7) Member banks may not put clients' spare cash into the call money market.
8) Holding companies may vote their group bank stock only on permission from the Federal Reserve Board.
"Dead as a Hammer." The Glass bill was still a long way from becoming law. In the House, whither it was sent, it lacked a powerful friend like Senator Glass to drive it through. Senator Huey Pierce ("Kingfish") Long who filibustered against it for two weeks, realistically exulted:
''Now that you take this carcass out of the Senate, you won't need to follow it to the House. It has no more chance to become law this session than I have to become Pope of Romeand I'm a Baptist.
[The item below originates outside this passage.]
(* Given a linear-non-linear adjunction $\mathcal F\dashv\mathcal U$, define $\mathcal F^S:S(\mathscr C)\to LS(\mathscr C)$ by $\mathcal F^S(X,J):=(X,\mathcal F(J))$ and, for $(f,u):(X,J)\to(Y,K)$, $\mathcal F^S(f,u):=(f,m_{X,J};\mathcal F(u))$. Then $\mathcal F^S$ is a functor and a split fibred functor from $\mathbf s$ to $\mathbf{ls}$ (i.e. $\mathbf{ls}\circ\mathcal F^S=\mathbf s$ and it preserves the chosen cartesian morphisms). Moreover, on each fibre over $X$ it is a symmetric lax monoidal functor from $(S(\mathscr C)_X,\times_X,(X,I))$ to $(LS(\mathscr C)_X,\otimes_X,(X,1))$, with structure maps $(\mathrm{id}_X,(\mathbf w_X\otimes\mathrm{id}_1);m_1):(X,1)\to\mathcal F^S(X,I)$ and $(\mathrm{id}_X,(\mathbf w_X\otimes\mathrm{id}_{\mathcal F(J)\otimes\mathcal F(K)});m_{J,K}):\mathcal F^S(X,J)\otimes_X\mathcal F^S(X,K)\to\mathcal F^S((X,J)\times_X(X,K))$.
   Context: Composition is diagrammatic; monoidal categories are strict. A linear-non-linear adjunction is a symmetric monoidal adjunction $\mathcal F\dashv\mathcal U$, $\mathcal F:\mathscr C\to\mathcal L$, between a cartesian category $(\mathscr C,\times,I)$ and a symmetric monoidal category $(\mathcal L,\otimes,1)$ (symmetry $\sigma$); $\mathcal F$ strong monoidal via isomorphisms $m_{X,Y}:\mathcal F(X)\otimes\mathcal F(Y)\to\mathcal F(X\times Y)$, $m_1:1\to\mathcal F(I)$. $\mathbf c_X:=\mathcal F(\Delta_X);m_{X,X}^{-1}$, $\mathbf w_X:=\mathcal F(t_X);m_1^{-1}$ with $t_X:X\to I$ terminal. Simple category $S(\mathscr C)$: objects $(X,J)$; morphisms $(f,u):(X,J)\to(Y,K)$ with $f:X\to Y$, $u:X\times J\to K$; composition $(f,u);(g,v)=(f;g,(\Delta_X\times\mathrm{id}_J);(f\times u);v)$, identity $(\mathrm{id}_X,\pi_2)$; split fibration $\mathbf s(f,u)=f$ with chosen cartesian morphisms $(f,\pi_2):(X,K)\to(Y,K)$; fibre $S(\mathscr C)_X$ has cartesian product $(X,J)\times_X(X,K)=(X,J\times K)$, unit $(X,I)$. Linear simple category $LS(\mathscr C)$: objects $(X,A)$, $X\in\mathscr C,A\in\mathcal L$; morphisms $(f,u):(X,A)\to(Y,B)$ with $f:X\to Y$, $u:\mathcal F(X)\otimes A\to B$; composition $(f,u);(g,v)=(f;g,(\mathbf c_X\otimes\mathrm{id}_A);(\mathcal F(f)\otimes u);v)$, identity $(\mathrm{id}_X,\mathbf w_X\otimes\mathrm{id}_A)$; split fibration $\mathbf{ls}(f,u)=f$ with chosen cartesian morphisms $(f,\mathbf w_X\otimes\mathrm{id}_B):(X,B)\to(Y,B)$; fibre $LS(\mathscr C)_X$ (morphisms $(\mathrm{id}_X,u)$) has monoidal structure $(X,A)\otimes_X(X,B)=(X,A\otimes B)$, unit $(X,1)$, $(\mathrm{id}_X,u)\otimes_X(\mathrm{id}_X,v)=(\mathrm{id}_X,(\mathbf c_X\otimes\mathrm{id}_{A\otimes B});(\mathrm{id}_{\mathcal F(X)}\otimes\sigma_{\mathcal F(X),A}\otimes\mathrm{id}_B);(u\otimes v))$. Structure maps are given by their second components (first component $\mathrm{id}_X$). *)

theory Defs
  imports Main
begin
It's dead as a hammer."
Whip-Crack? Yet the Glass bill could conceivably be passed by the House and made law before March 4. A resounding crack of the Party whip by President-elect Roosevelt would bring off that trick. But why should Mr. Roosevelt resort to whip-cracking for this legislation when he has consistently refused to lift a finger for any other? The answer might lie in the clear fact that he wants, above all other men, its author, Carter Glass, as his Secretary of Treasury. Nothing could put the crusty little old Virginian under deeper obligation to the next President than his intervention in behalf of the banking bill. And nothing would now make U. S. business feel more secure than to have this Democratic arch-champion of sound finance once more at the head of the Treasury Department.
Carter Glass, onetime printer's devil, was almost certain that he did not want to be Secretary of the Treasury again. He held the job for 14 months under Woodrow Wilson after the War and knows its nerve-racking onus as no other candidate can. At 75 he is getting old and tired. Last summer he suffered a nervous break-down that all but kept him out of the Presidential campaign. A Cabinet appointment would mean he would have to forego the rural delights of his Montview Farms outside Lynchburg, turn his two newspapers there, the News and Advance, over to his sons to run. He has given 30 years of his life to public service in Washington. The Federal Reserve, fruit of an earlier day. stands as his enduring monument. He is Virginia's Elder Statesman, sure of re-election if he feels like it in 1936.